Work order —
Print the line that contains "c\<close> \<rho> \<gamma> by auto" and every line that follows it in the data below, ending with the final line; include nothing else.
Source information Block Start
lemma duhamel_supersolution_unbounded:
  fixes V :: "real \<Rightarrow> 'a::euclidean_space \<Rightarrow> ennreal" and K :: "real \<Rightarrow> 'a \<Rightarrow> ennreal"
    and V0 :: "'a \<Rightarrow> real"
  assumes \<rho>: "0 < \<rho>" and \<gamma>: "\<gamma> = real DIM('a) * \<rho>" and \<eta>: "0 < \<eta>" "\<eta> * \<gamma> \<le> 1"
    and kernel: "\<And>R. 0 < R \<Longrightarrow> \<exists>c>0. \<forall>\<tau>>0. \<forall>z. norm z \<le> R * \<tau> powr \<rho> \<longrightarrow>
                   ennreal (c * \<tau> powr (- \<gamma>)) \<le> K \<tau> z"
    and V0: "V0 \<in> borel_measurable lborel" "\<And>x. 0 \<le> V0 x" "\<not> (AE x in lborel. V0 x = 0)"
    and linear: "\<And>t x. 0 < t \<Longrightarrow> (\<integral>\<^sup>+y. K t (x - y) * ennreal (V0 y) \<partial>lborel) \<le> V t x"
    and nonlinear: "\<And>t x. 0 < t \<Longrightarrow>
      (\<integral>\<^sup>+y. (\<integral>\<^sup>+s. indicator {0<..<t} s * (K (t - s) (x - y) * enn_powr (V s y) (1 + \<eta>)) \<partial>lborel) \<partial>lborel)
        \<le> V t x"
  shows "\<exists>T>0. \<forall>t\<ge>T. \<forall>x. norm x \<le> t powr \<rho> \<longrightarrow> ennreal M \<le> V t x"
proof -
  \<comment> \<open>The radius \<open>2 * 2 powr \<rho>\<close> covers \<open>|x - y| \<le> 2 t^\<rho> \<le> 2 * 2^\<rho> (t - s)^\<rho>\<close> for \<open>s \<le> t/2\<close>.\<close>
  obtain c where "0 < c" and c: "\<And>\<tau> z. 0 < \<tau> \<Longrightarrow> norm z \<le> 2 * 2 powr \<rho> * \<tau> powr \<rho> \<Longrightarrow>
      ennreal (c * \<tau> powr (- \<gamma>)) \<le> K \<tau> z"
    using kernel[of "2 * 2 powr \<rho>"] by auto
  obtain c' where "0 < c'" and c': "\<And>\<tau> z. 0 < \<tau> \<Longrightarrow> norm z \<le> 2 * \<tau> powr \<rho> \<Longrightarrow>
      ennreal (c' * \<tau> powr (- \<gamma>)) \<le> K \<tau> z"
    using kernel[of 2] by auto
  obtain T1 A where "1 \<le> T1" "0 < A" and start: "parabolic_lower_bound V \<rho> \<gamma> T1 A"
    using parabolic_lower_bound_from_initial_data[OF \<rho> \<open>0 < c'\<close> c' V0 linear] by blast
  have "0 < c * unit_ball_vol (real DIM('a))" "0 \<le> \<gamma>" using \<open>0 < c\<close> \<rho> \<gamma> by auto
  then show ?thesis
    using parabolic_lower_bound_blowup[OF _ \<eta>(1) _ parabolic_lower_bound_log_gain[OF \<rho> \<gamma> \<eta> \<open>0 < c\<close> c nonlinear]
        \<open>1 \<le> T1\<close> \<open>0 < A\<close> start]
    by blast
qed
Source information Block End
Reply —
  have "0 < c * unit_ball_vol (real DIM('a))" "0 \<le> \<gamma>" using \<open>0 < c\<close> \<rho> \<gamma> by auto
  then show ?thesis
    using parabolic_lower_bound_blowup[OF _ \<eta>(1) _ parabolic_lower_bound_log_gain[OF \<rho> \<gamma> \<eta> \<open>0 < c\<close> c nonlinear]
        \<open>1 \<le> T1\<close> \<open>0 < A\<close> start]
    by blast
qed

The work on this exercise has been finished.